26. But now his licence transgressed the limits not only of his paternal territory, but of good morals, such as ancient discipline had prescribed, and this brought upon him destruction in the end. For although he had experienced in his first marriage the treachery of a foreign wife, and ought to have avoided it in future, he did not shun connecting himself with the harlot Delilah, and by his passionate love of her opened a way for the craft of his enemies to assail him. For the Philistines came up to her, and promised each of them to give her eleven hundred pieces of silver if she would disclose to them wherein his assurance of strength lay, that by means of this knowledge they might entrap and take him.
27. But she having once prostituted herself for money, began during the banquet and the blandishments of love, cunningly and craftily to inquire of him in what respect his strength excelled that of others, and at the same time, as if solicitous and fearful for his safety, to entreat him to confide to his beloved by what means he could be bound and subdued into the power of others. But he, still self-possessed and unshaken, opposed craft to the allurements of the harlot, and told her that if he were bound with withs yet green and not dried, his strength would be like that of other men. When the Philistines learnt this from Delilah, they bound him while asleep with green withs, and then awoke him as though on a sudden, but found that he had not fallen off from his accustomed fortitude, but bursting its bonds his freed strength was able to resist and drive back a host of assailants.

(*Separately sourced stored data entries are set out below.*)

(* Let $f \in \mathbb{Z}[x]$ be a tower-stable polynomial, let $a$ be a positive integer, and let $b$ be an $f$-valid positive integer. Then there exists a sequence of positive integers $(x_n)_{n \ge 1}$ such that for every $n \ge 1$, $$f^{x_n}(a) \equiv x_n \pmod{b^n},$$ and for every $n \ge 2$, $x_n = c_n b^{n-1} + x_{n-1}$ for some integer $c_n$ with $0 \le c_n < b$.
   Context: $f^m$ denotes the $m$-th iterate of $f$. For a positive integer $m$, $f_m : \mathbb{Z}/m\mathbb{Z} \to \mathbb{Z}/m\mathbb{Z}$ denotes the reduction map $x \bmod m \mapsto f(x) \bmod m$. For a self-map $\sigma$ of a finite set $F$ and $y \in F$, the cycle length of $\sigma$ on $y$ is the least $l \ge 1$ such that $\sigma^{k}(y) = \sigma^{k+l}(y)$ for some $k \ge 0$; the period of $\sigma$ is the least common multiple of the cycle lengths of all $y \in F$. Let $\lambda_f(m)$ denote the period of $f_m$. The polynomial $f$ is called tower-stable if for every prime $p$, $f_p$ is not a cyclic permutation of length $p$ (a single cycle through all $p$ elements). A positive integer $b$ is called valid if for every pair of primes $p, q$ with $p \mid b$ and $q \mid p-1$ we have $q \mid b$. A positive integer $b$ is called $f$-valid if $b$ is square-free, valid, and for every pair of primes $p, q$ with $p \mid b$ and $q \mid \lambda_f(p)$ we have $q \mid b$. *)

theory Defs
  imports "HOL-Computational_Algebra.Polynomial" "HOL-Computational_Algebra.Primes" "HOL-Computational_Algebra.Squarefree" "HOL-Number_Theory.Cong"
begin

(* reduction map f_m on Z/mZ, represented on the residues {0..<m} *)
definition red_map :: "int poly \<Rightarrow> int \<Rightarrow> int \<Rightarrow> int" where
  "red_map f m x = poly f x mod m"

definition residues_set :: "int \<Rightarrow> int set" where
  "residues_set m = {0..<m}"

definition cycle_length :: "('a \<Rightarrow> 'a) \<Rightarrow> 'a \<Rightarrow> nat" where
  "cycle_length \<sigma> y = (LEAST l. l \<ge> 1 \<and> (\<exists>k. (\<sigma> ^^ k) y = (\<sigma> ^^ (k + l)) y))"

definition period :: "('a \<Rightarrow> 'a) \<Rightarrow> 'a set \<Rightarrow> nat" where
  "period \<sigma> F = Lcm (cycle_length \<sigma> ` F)"

definition lambda_f :: "int poly \<Rightarrow> nat \<Rightarrow> nat" where
  "lambda_f f m = period (red_map f (int m)) (residues_set (int m))"

definition is_full_cycle :: "('a \<Rightarrow> 'a) \<Rightarrow> 'a set \<Rightarrow> bool" where
  "is_full_cycle \<sigma> F = ((\<forall>x\<in>F. \<sigma> x \<in> F) \<and> bij_betw \<sigma> F F \<and>
      (\<forall>x\<in>F. \<forall>y\<in>F. \<exists>k. (\<sigma> ^^ k) x = y))"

28. This having failed, Delilah, as if she had beenmocked began with complaints to renew her arts and to require a pledge of his love. Samson, still firm of purpose, intimated to her that, if he were bound by seven ropes which had never been used, he would fall into the hands of the enemy, but this also was in vain. The third time he disclosed part of the secret, and now drawing nearer to his fall, told her that,if the seven locks of his head were unfastened and woven[99] to about a cubit’s length, his strength would depart from him. But herein also he deluded those who were plotting against his life.

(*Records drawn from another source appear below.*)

lemma ideal_dvd_foldr_distinct_maximalideals:
  assumes ps: "distinct ps" "\<forall>Q\<in>set ps. maximalideal Q R" and P: "P \<in> set ps"
  shows "ideal_dvd R P (foldr (ideal_prod R) ps (carrier R))"
proof -
  let ?qs = "remove1 P ps"
  have qs: "distinct ?qs" "\<forall>Q\<in>set ?qs. maximalideal Q R" "set ?qs = set ps - {P}"
    using ps by (auto simp: set_remove1_eq)
  have "P \<cdot> foldr (ideal_prod R) ?qs (carrier R) = P \<inter> (carrier R \<inter> \<Inter>(set ?qs))"
    using ideal_prod_foldr_maximalideals_eq_inter[of P ?qs] foldr_distinct_maximalideals_eq_Inter[OF qs(1,2)]
      ps P qs(3) by simp
  also have "\<dots> = foldr (ideal_prod R) ps (carrier R)"
    using foldr_distinct_maximalideals_eq_Inter[OF ps] P qs(3) by auto
  finally have "P \<cdot> foldr (ideal_prod R) ?qs (carrier R) = foldr (ideal_prod R) ps (carrier R)" .
  moreover have "ideal (foldr (ideal_prod R) ?qs (carrier R)) R"
    using qs(2) by (auto dest: maximalideal.axioms(1) intro: ideal_foldr_ideal_prod)
  ultimately show ?thesis
    unfolding ideal_dvd_def by blast
qed


lemma carmichael_ideal_iff_pow_minus_self_mem:
  assumes "ideal N R" "\<not> primeideal N R"
  shows "carmichael_ideal N R \<longleftrightarrow>
           finite (carrier (R Quot N)) \<and> (\<forall>a\<in>carrier R. a [^] ideal_norm R N \<ominus> a \<in> N)"
proof -
  have "\<not> field (R Quot N)"
  proof
    assume "field (R Quot N)"
    then have "domain (R Quot N)"
      by (rule field.axioms(1))
    then show False
      using quot_domain_imp_primeideal[OF assms(1)] assms(2) by simp
  qed
  then show ?thesis
    unfolding carmichael_ideal_def carmichael_ring_def ideal_norm_def
    using FactRing_pow_eq_self_iff[OF assms(1)] by simp
qed

lemma squarefree_ideal_if_pow_minus_self_mem:
  assumes N: "ideal N R" "N \<noteq> {\<zero>}" "finite (carrier (R Quot N))" and m: "m \<ge> (2::nat)"
    and fermat: "\<forall>a\<in>carrier R. a [^] m \<ominus> a \<in> N"
  shows "squarefree_ideal R N"
proof -
  define S where "S = {M. maximalideal M R \<and> N \<subseteq> M}"
  have "S \<subseteq> {J. ideal J R \<and> N \<subseteq> J}"
    unfolding S_def by (auto dest: maximalideal.axioms(1))
  then have "finite S"
    using finite_ideals_containing[OF N(1,3)] finite_subset by blast
  then obtain ps where ps: "set ps = S" "distinct ps"
    using finite_distinct_list by blast
  have ps_max: "\<forall>P\<in>set ps. maximalideal P R \<and> N \<subseteq> P"
    using ps(1) unfolding S_def by blast
  have "N = carrier R \<inter> \<Inter>S"
  proof
    show "N \<subseteq> carrier R \<inter> \<Inter>S"
      using additive_subgroup.a_subset[OF ideal.axioms(1)[OF N(1)]] unfolding S_def by blast
    show "carrier R \<inter> \<Inter>S \<subseteq> N"
    proof
      fix x assume x: "x \<in> carrier R \<inter> \<Inter>S"
      show "x \<in> N"
      proof (rule ccontr)
        assume "x \<notin> N"
        then obtain M where "maximalideal M R" "N \<subseteq> M" "x \<notin> M"
          using exists_maximalideal_not_mem[OF N(1,3) m fermat] x by blast
        then show False
          using x unfolding S_def by blast
      qed
    qed
  qed
  then have "N = foldr (ideal_prod R) ps (carrier R)"
    using foldr_distinct_maximalideals_eq_Inter[OF ps(2)] ps_max ps(1) by simp
  moreover have "primeideal P R \<and> P \<noteq> {\<zero>}" if "P \<in> set ps" for P
    using ps_max that maximalideal_prime N(2) additive_subgroup.zero_closed[OF ideal.axioms(1)[OF N(1)]]
    by blast
  ultimately show ?thesis
    unfolding squarefree_ideal_def using ps(2) by blast
qed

29. But last of all the wanton woman complaining that she had been so often deceived, and grieving that her lover deemed her unworthy to be entrusted with his secret, and that under her pretext of succour her treacherous purpose was suspected, won his confidence by her tears. By this means, and because also it was ordained that this man of hitherto unshaken fortitude should fall into calamity, Samson was touched and opened to her his heart. He told her that he possessed within him the power of God, that he was sanctified to the Lord, and that by His command he let his hair grow, and that if it were shorn, he would cease to be a Nazarite, and lose the use of his strength.The Philistines having discovered through her means the man’s weakness, bring her the reward of her perfidy, thus binding her to the commission of the crime.